I had the opportunity to be with two different CEOs of major organizations this week. The two events afforded me the opportunity to interact with each for an extended time. While this is certainly not the first time that I have interacted with CEOs, it might be the first time that I was with two different CEOs on two consecutive days.
While very different in style, what I experienced were two people who deeply care about their respective organizations, especially the people. They were down to earth, easy to talk with and presented as just “regular folk.” You might say, “That’s not unusual. Many CEOs are probably caring and easy to talk with.” You are probably right.
The reason I think this is noteworthy to write about is that my experience with the people who support CEOs or very senior leaders is that they often type-cast them very differently. There is often some trepidation when interacting with the C-Suite and some degree of super-humanizing them. They will talk about higher-ups as if they are programmed or wired in a particular way, lacking the human frailties that all others possess. They characterize them as perfect, having all the “right” answers and therefore are not to be challenged (If not explicit, this is certainly often implied). We can spend inordinate amounts of time preparing for a 30-minute meeting with someone in the C-suite. It is not unusual to spend 16-20 hours developing just the right message to carry to the top. There can be at least three levels of approval—if not more—and 99% of the time, the material will still be in draft form hours before the meeting.

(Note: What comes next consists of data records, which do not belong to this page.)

theorem not_lattice: "\<not> is_lattice_on (B lam n) (crystal_le lam n)"
  using not_lattice_if_lower_bounds_cover[OF tab_m1_le_tab_x tab_m1_le_tab_y tab_m2_le_tab_x
      tab_m2_le_tab_y tab_x_cell_le_max not_tab_x_le_tab_y] .

end

theorem lemma5p4:
  fixes lam :: "nat list" and n p :: nat
  assumes "is_partition lam"
    and "length lam \<le> n"
    and "1 \<le> p" and "p \<le> length lam - 2"
    and "lam ! (p - 1) > lam ! p"
    and "lam ! p \<ge> lam ! (p + 1)"
    and "lam ! (p + 1) \<ge> 2"
  shows "\<not> is_lattice_on (B lam n) (crystal_le lam n)"
proof -
  obtain k where p: "p = Suc k" using \<open>1 \<le> p\<close> by (cases p) auto
  interpret nonlattice_window lam n k "lam ! (k + 1) - lam ! (k + 2) + 1" "lam ! (k + 2) - 2"
      "lam ! k - lam ! (k + 1) - 1"
    by unfold_locales (use assms p in auto)
  show ?thesis by (rule not_lattice)
qed

end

In my 30-plus years in business, I would be wealthy if I had $100 for every time somebody said, “we can’t take “bad news upstairs” (or some variation of this). We have to “spin” it (whatever it is) in a positive way for the senior leaders, as if they are programmed to only receive “happy reports”. If I had $50 for every time someone said, “Our culture is like X, and the leaders only respond to Y,” I would be among the super-rich. Most organizations are perpetually in the process of culture change. They claim to be evolving to be more innovative, or more customer focused, or more flexible or more something. If that if the case, you would think that senior leaders would not want those who support them to only tell them what they think they want to hear and in a way that they think they want to hear it. You would think that senior leaders would want to be challenged and would want to know the real deal, not couched in “corporate-communication speak.”

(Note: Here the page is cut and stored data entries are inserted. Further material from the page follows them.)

definition Trc :: "'a::lin_rad_idem_semifield ^ 'n::finite ^ 'n \<Rightarrow> 'a" where
  "Trc A = (\<Sum>k\<in>{1..CARD('n)}. tr (mpow A k))"

definition kstar :: "'a::lin_rad_idem_semifield ^ 'n::finite ^ 'n \<Rightarrow> 'a ^ 'n ^ 'n" where
  "kstar A = (\<Sum>k\<in>{0..<CARD('n)}. mpow A k)"

definition Smat :: "'a::lin_rad_idem_semifield ^ 'n::finite ^ 'n \<Rightarrow> 'a ^ 'n ^ 'n \<Rightarrow> nat \<Rightarrow> 'a ^ 'n ^ 'n" where
  "Smat A B k = (\<Sum>is\<in>{is. length is = k \<and> sum_list is \<le> CARD('n) - k}.
                   mprod (map (\<lambda>i. A ** mpow B i) is))"

definition Tmat :: "'a::lin_rad_idem_semifield ^ 'n::finite ^ 'n \<Rightarrow> 'a ^ 'n ^ 'n \<Rightarrow> nat \<Rightarrow> 'a ^ 'n ^ 'n" where
  "Tmat A B k = (if k = 0 then kstar B else
     (\<Sum>(i0, is)\<in>{(i0, is). length is = k \<and> i0 + sum_list is \<le> CARD('n) - k - 1}.
        mpow B i0 ** mprod (map (\<lambda>i. A ** mpow B i) is)))"

end

theory Submission
  imports Defs
begin

text \<open>For \<open>\<mu> \<noteq> 0\<close> and regular \<open>x\<close>, the conditions \<open>B x \<le> x\<close> and \<open>F x \<le> \<mu>\<close>
  amount to the system \<open>(\<mu>\<^sup>-\<^sup>1 A \<oplus> B) x \<le> x\<close>, \<open>\<mu>\<^sup>-\<^sup>1 p \<le> x\<close>,
  \<open>q\<^sup>- x \<le> \<mu>\<close>, \<open>r \<le> \<mu>\<close>. A regular solution of the first inequality forces
  \<open>Tr(\<mu>\<^sup>-\<^sup>1 A \<oplus> B) \<le> 1\<close>; under this condition the solutions of the first inequality
  are the vectors \<open>(\<mu>\<^sup>-\<^sup>1 A \<oplus> B)\<^sup>* u\<close>, and the whole system is solvable iff moreover
  \<open>q\<^sup>- (\<mu>\<^sup>-\<^sup>1 A \<oplus> B)\<^sup>* p \<le> \<mu>\<^sup>2\<close>, the solutions being those \<open>u\<close> in the box of
  the statement. Expanding the powers of \<open>\<mu>\<^sup>-\<^sup>1 A \<oplus> B\<close> into words in \<open>A\<close> and \<open>B\<close>
  and grouping them by the number \<open>k\<close> of letters \<open>A\<close> turns the two conditions into
  \<open>tr S\<^sub>k \<le> \<mu>\<^sup>k\<close> and \<open>q\<^sup>- T\<^sub>k p \<le> \<mu>\<^sup>k\<^sup>+\<^sup>2\<close>, that is, into \<open>\<theta> \<le> \<mu>\<close>.
  Hence \<open>\<theta>\<close> is the least value of \<open>F\<close> on the feasible set, and the minimizers form
  the sublevel set at \<open>\<theta>\<close>.\<close>

class idem_ordered_monoid_add = canonically_ordered_monoid_add +
  assumes add_le_iff [simp]: "x + y \<le> z \<longleftrightarrow> x \<le> z \<and> y \<le> z"
begin

lemma add_ge1: "x \<le> x + y"
  using add_le_iff[of x y "x + y"] by simp

lemma add_ge2: "y \<le> x + y"
  using add_le_iff[of x y "x + y"] by simp

lemma sum_le_iff: "finite S \<Longrightarrow> sum f S \<le> z \<longleftrightarrow> (\<forall>s\<in>S. f s \<le> z)"
  by (induction S rule: finite_induct) auto

lemma sum_ge_member: "finite S \<Longrightarrow> s \<in> S \<Longrightarrow> f s \<le> sum f S"
  using sum_le_iff[of S f "sum f S"] by blast

end

instance vec :: (idem_ordered_monoid_add, finite) idem_ordered_monoid_add
proof
  fix x y z :: "'a ^ 'b"
  show "x \<le> y \<longleftrightarrow> (\<exists>c. y = x + c)"
  proof
    assume "x \<le> y"
    then have "y = x + y"
      by (auto simp: less_eq_vec_def vec_eq_iff intro: order.antisym add_ge2)
    then show "\<exists>c. y = x + c" ..
  qed (auto simp: less_eq_vec_def add_ge1)
  show "x + y \<le> z \<longleftrightarrow> x \<le> z \<and> y \<le> z"
    by (auto simp: less_eq_vec_def)
qed

context lin_rad_idem_semifield
begin

lemma add_eq_max: "x + y = max x y"
  by (metis add.commute le_iff_add max.absorb_iff2 max.commute max_def)

subclass idem_ordered_monoid_add
proof
  fix a b c :: 'a
  show "a \<le> b \<longleftrightarrow> (\<exists>d. b = a + d)"
  proof
    assume "a \<le> b"
    then have "b = a + b"
      by (simp add: le_iff_add)
    then show "\<exists>d. b = a + d" ..
  next
    assume "\<exists>d. b = a + d"
    then obtain d where "b = a + d" ..
    then have "a + b = (a + a) + d"
      by (simp add: add.assoc)
    then show "a \<le> b"
      by (simp add: le_iff_add add_idem \<open>b = a + d\<close>)
  qed
  show "a + b \<le> c \<longleftrightarrow> a \<le> c \<and> b \<le> c"
    by (simp add: add_eq_max)
qed

subclass ordered_comm_semiring
proof
  fix a b c :: 'a
  assume "a \<le> b"
  then obtain d where "b = a + d"
    by (rule less_eqE)
  then show "c * a \<le> c * b"
    by (simp add: distrib_left add_ge1)
qed

subclass ordered_semiring_1
  by standard (simp add: order.strict_iff_order)

lemma left_inverse_nz: "x \<noteq> 0 \<Longrightarrow> inverse x * x = 1"
  using right_inverse_nz by (simp add: mult.commute)

subclass semiring_1_no_zero_divisors
proof
  fix a b :: 'a
  assume "a \<noteq> 0" "b \<noteq> 0"
  show "a * b \<noteq> 0"
  proof
    assume "a * b = 0"
    have "b = inverse a * (a * b)"
      using \<open>a \<noteq> 0\<close> by (simp add: mult.assoc[symmetric] left_inverse_nz)
    also have "\<dots> = 0"
      using \<open>a * b = 0\<close> by simp
    finally show False
      using \<open>b \<noteq> 0\<close> by simp
  qed
qed

lemma sum_attained: "finite S \<Longrightarrow> S \<noteq> {} \<Longrightarrow> \<exists>s\<in>S. sum f S = f s"
proof (induction S rule: finite_induct)
  case (insert x F)
  show ?case
  proof (cases "F = {}")
    case False
    then obtain s where "s \<in> F" "sum f F = f s"
      using insert by auto
    then show ?thesis
      using insert by (auto simp: add_eq_max max_def)
  qed simp
qed simp

lemma inverse_nonzero_sf: "x \<noteq> 0 \<Longrightarrow> inverse x \<noteq> 0"
  by (metis mult_zero_right right_inverse_nz zero_neq_one)

lemma inverse_unique_sf: "a * b = 1 \<Longrightarrow> inverse a = b"
proof -
  assume ab: "a * b = 1"
  then have "a \<noteq> 0"
    by auto
  then have "inverse a = inverse a * (a * b)"
    using ab by simp
  also have "\<dots> = b"
    using \<open>a \<noteq> 0\<close> by (simp add: mult.assoc[symmetric] left_inverse_nz)
  finally show ?thesis .
qed

lemma inverse_inverse_sf: "inverse (inverse x) = x"
  by (cases "x = 0") (simp_all add: inverse_zero_sf inverse_unique_sf left_inverse_nz)

lemma inverse_power_sf: "x \<noteq> 0 \<Longrightarrow> inverse (x ^ k) = inverse x ^ k"
  by (rule inverse_unique_sf) (simp add: power_mult_distrib[symmetric] right_inverse_nz)

lemma mult_le_cancel_right_nz: "c \<noteq> 0 \<Longrightarrow> a * c \<le> b * c \<longleftrightarrow> a \<le> b"
proof
  assume "c \<noteq> 0" "a * c \<le> b * c"
  then have "a * c * inverse c \<le> b * c * inverse c"
    by (simp add: mult_right_mono)
  with \<open>c \<noteq> 0\<close> show "a \<le> b"
    by (simp add: mult.assoc right_inverse_nz)
qed (simp add: mult_right_mono)

lemma inverse_mult_le_iff:
  assumes "c \<noteq> 0"
  shows "inverse c * a \<le> b \<longleftrightarrow> a \<le> c * b"
proof -
  have "inverse c * a * c = a * (inverse c * c)"
    by (simp add: mult_ac)
  also have "\<dots> = a"
    using assms by (simp add: left_inverse_nz)
  finally show ?thesis
    using mult_le_cancel_right_nz[OF assms, of "inverse c * a" b] by (simp add: mult.commute)
qed

lemma mult_strict_right_mono_nz: "a < b \<Longrightarrow> c \<noteq> 0 \<Longrightarrow> a * c < b * c"
  by (simp add: less_le_not_le mult_le_cancel_right_nz)

lemma power_strict_mono_sf:
  assumes "y < x" and "0 < k"
  shows "y ^ k < x ^ k"
proof -
  obtain m where k: "k = Suc m"
    using \<open>0 < k\<close> gr0_implies_Suc by blast
  have "x \<noteq> 0"
    using \<open>y < x\<close> by auto
  have "y ^ k = y * y ^ m"
    by (simp add: k)
  also have "\<dots> \<le> y * x ^ m"
    using \<open>y < x\<close> by (simp add: mult_left_mono power_mono)
  also have "\<dots> < x * x ^ m"
    using \<open>y < x\<close> \<open>x \<noteq> 0\<close> by (simp add: mult_strict_right_mono_nz)
  finally show ?thesis
    by (simp add: k)
qed

lemma power_le_power_iff_sf: "0 < k \<Longrightarrow> x ^ k \<le> y ^ k \<longleftrightarrow> x \<le> y"
  using power_strict_mono_sf[of y x k] by (auto simp: power_mono not_le[symmetric])

end

lemma iroot_power:
  fixes a :: "'a::lin_rad_idem_semifield"
  assumes "0 < k"
  shows "iroot k a ^ k = a"
proof -
  obtain y where y: "y ^ k = a"
    using radicable[OF assms] ..
  have "(THE y. y ^ k = a) = y"
  proof (rule the_equality)
    fix z
    assume "z ^ k = a"
    then show "z = y"
      using y power_le_power_iff_sf[OF assms] by (metis order.antisym order.refl)
  qed (fact y)
  with y show ?thesis
    by (simp add: iroot_def)
qed

lemma iroot_le_iff:
  fixes a :: "'a::lin_rad_idem_semifield"
  shows "0 < k \<Longrightarrow> iroot k a \<le> m \<longleftrightarrow> a \<le> m ^ k"
  using power_le_power_iff_sf[of k "iroot k a" m] by (simp add: iroot_power)

lemma iroot_0: "0 < k \<Longrightarrow> iroot k (0::'a::lin_rad_idem_semifield) = 0"
  using iroot_le_iff[of k 0 0] by simp

lemma iroot_mono:
  fixes a :: "'a::lin_rad_idem_semifield"
  shows "0 < k \<Longrightarrow> a \<le> b \<Longrightarrow> iroot k a \<le> iroot k b"
  by (simp add: iroot_le_iff iroot_power)

lemma mat_le_iff: "X \<le> Y \<longleftrightarrow> (\<forall>i j. X$i$j \<le> Y$i$j)"
  for X Y :: "'a::ord^'n::finite^'m::finite"
  by (simp add: less_eq_vec_def)

lemma matrix_mult_mono:
  fixes X X' :: "'a::{semiring_1, ordered_semiring, canonically_ordered_monoid_add}^'n::finite^'m::finite"
    and Y Y' :: "'a^'p::finite^'n"
  shows "X \<le> X' \<Longrightarrow> Y \<le> Y' \<Longrightarrow> X ** Y \<le> X' ** Y'"
  unfolding matrix_matrix_mult_def less_eq_vec_def by (auto intro!: sum_mono mult_mono)

lemma matrix_vector_mult_mono:
  fixes X X' :: "'a::{semiring_1, ordered_semiring, canonically_ordered_monoid_add}^'n::finite^'m::finite"
  shows "X \<le> X' \<Longrightarrow> x \<le> x' \<Longrightarrow> X *v x \<le> X' *v x'"
  unfolding matrix_vector_mult_def less_eq_vec_def by (auto intro!: sum_mono mult_mono)

lemma matrix_add_rdistrib: "(B + C) ** A = B ** A + C ** A"
  for A :: "'a::semiring_1^'p::finite^'n::finite"
  by (vector matrix_matrix_mult_def sum.distrib[symmetric] distrib_right)

lemma matrix_mult_sum_right: "finite S \<Longrightarrow> X ** sum f S = (\<Sum>s\<in>S. X ** f s)"
  for X :: "'a::semiring_1^'n::finite^'m::finite"
  by (induction S rule: finite_induct) (simp_all add: matrix_add_ldistrib)

lemma sum_matrix_vector_mult: "finite S \<Longrightarrow> sum f S *v x = (\<Sum>s\<in>S. f s *v x)"
  for x :: "'a::semiring_1^'n::finite"
  by (induction S rule: finite_induct) (simp_all add: matrix_vector_mult_add_rdistrib)

lemma matrix_vector_mult_ge:
  fixes C :: "'a::{semiring_1, ordered_semiring, canonically_ordered_monoid_add}^'n::finite^'n"
  shows "mat 1 \<le> C \<Longrightarrow> u \<le> C *v u"
  using matrix_vector_mult_mono[of "mat 1" C u u] by simp

lemma mat_one_le_diag:
  fixes C :: "'a::{zero, one, order}^'n::finite^'n"
  assumes "mat 1 \<le> C"
  shows "1 \<le> C$j$j"
proof -
  have "(mat 1 :: 'a^'n^'n)$j$j \<le> C$j$j"
    using assms by (simp add: mat_le_iff)
  then show ?thesis
    by (simp add: mat_def)
qed

lemma matrix_vector_mult_smult:
  "C *v (c *s y) = c *s (C *v y)" for y :: "'a::comm_semiring_1^'n::finite"
  by (simp add: matrix_vector_mult_def vector_scalar_mult_def vec_eq_iff sum_distrib_left mult_ac)

lemma mpow_mono: "X \<le> Y \<Longrightarrow> mpow X k \<le> mpow Y k"
  by (induction k) (simp_all add: matrix_mult_mono)

lemma mpow_add: "mpow X (a + b) = mpow X a ** mpow X b"
  by (induction a) (simp_all add: matrix_mul_assoc)

lemma mprod_append: "mprod (xs @ ys) = mprod xs ** mprod ys"
  by (induction xs) (simp_all add: matrix_mul_assoc)

lemma smat_matrix_mult_left: "smat c X ** Y = smat c (X ** Y)"
  by (simp add: smat_def matrix_matrix_mult_def vec_eq_iff sum_distrib_left mult_ac)

lemma smat_matrix_mult_right: "X ** smat c Y = smat c (X ** Y)"
  by (simp add: smat_def matrix_matrix_mult_def vec_eq_iff sum_distrib_left mult_ac)

lemma smat_smat: "smat c (smat d X) = smat (c * d) X"
  by (simp add: smat_def vec_eq_iff mult_ac)

lemma smat_1: "smat 1 X = X"
  by (simp add: smat_def vec_eq_iff)

lemma smat_matrix_vector_mult: "smat c X *v x = c *s (X *v x)"
  by (simp add: smat_def matrix_vector_mult_def vector_scalar_mult_def vec_eq_iff
      sum_distrib_left mult_ac)

lemma tr_matrix_mult_commute: "tr (X ** Y) = tr (Y ** X)"
  unfolding tr_def matrix_matrix_mult_def by (simp add: mult.commute) (rule sum.swap)

lemma diag_le_tr: "X$i$i \<le> tr X"
  unfolding tr_def by (rule sum_ge_member) simp_all

lemma tr_mpow_le_Trc:
  "1 \<le> k \<Longrightarrow> k \<le> CARD('n) \<Longrightarrow> tr (mpow (M::'a::lin_rad_idem_semifield^'n::finite^'n) k) \<le> Trc M"
  unfolding Trc_def by (rule sum_ge_member) simp_all

text \<open>Traces and the numbers \<open>q\<^sup>- X p\<close> are both linear forms in the entries of \<open>X\<close>,
  so the bounds on them are proved once for linear forms.\<close>

definition linear_form :: "('n \<Rightarrow> 'n \<Rightarrow> 'a) \<Rightarrow> 'a::lin_rad_idem_semifield^'n::finite^'n \<Rightarrow> 'a" where
  "linear_form w X = (\<Sum>i\<in>UNIV. \<Sum>j\<in>UNIV. w i j * X$i$j)"

lemma linear_form_sum: "finite S \<Longrightarrow> linear_form w (sum f S) = (\<Sum>s\<in>S. linear_form w (f s))"
  by (induction S rule: finite_induct)
    (simp_all add: linear_form_def distrib_left sum.distrib)

lemma linear_form_mono: "X \<le> Y \<Longrightarrow> linear_form w X \<le> linear_form w Y"
  unfolding linear_form_def mat_le_iff by (auto intro!: sum_mono mult_left_mono)

lemma linear_form_smat: "linear_form w (smat c X) = c * linear_form w X"
  by (simp add: linear_form_def smat_def sum_distrib_left mult_ac)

I guess those who are not senior leaders believe that if they misstep, they might get type-cast or stereotyped, and it could be a career breaker. I would also guess that most senior leaders were at one point more junior in the organization and perhaps behaved in the same way when dealing with superiors. I wonder, if more junior folks really believed that “leaders are people too” and more senior folks understood that they are “super-humanized”, would there be more authenticity in these relationships?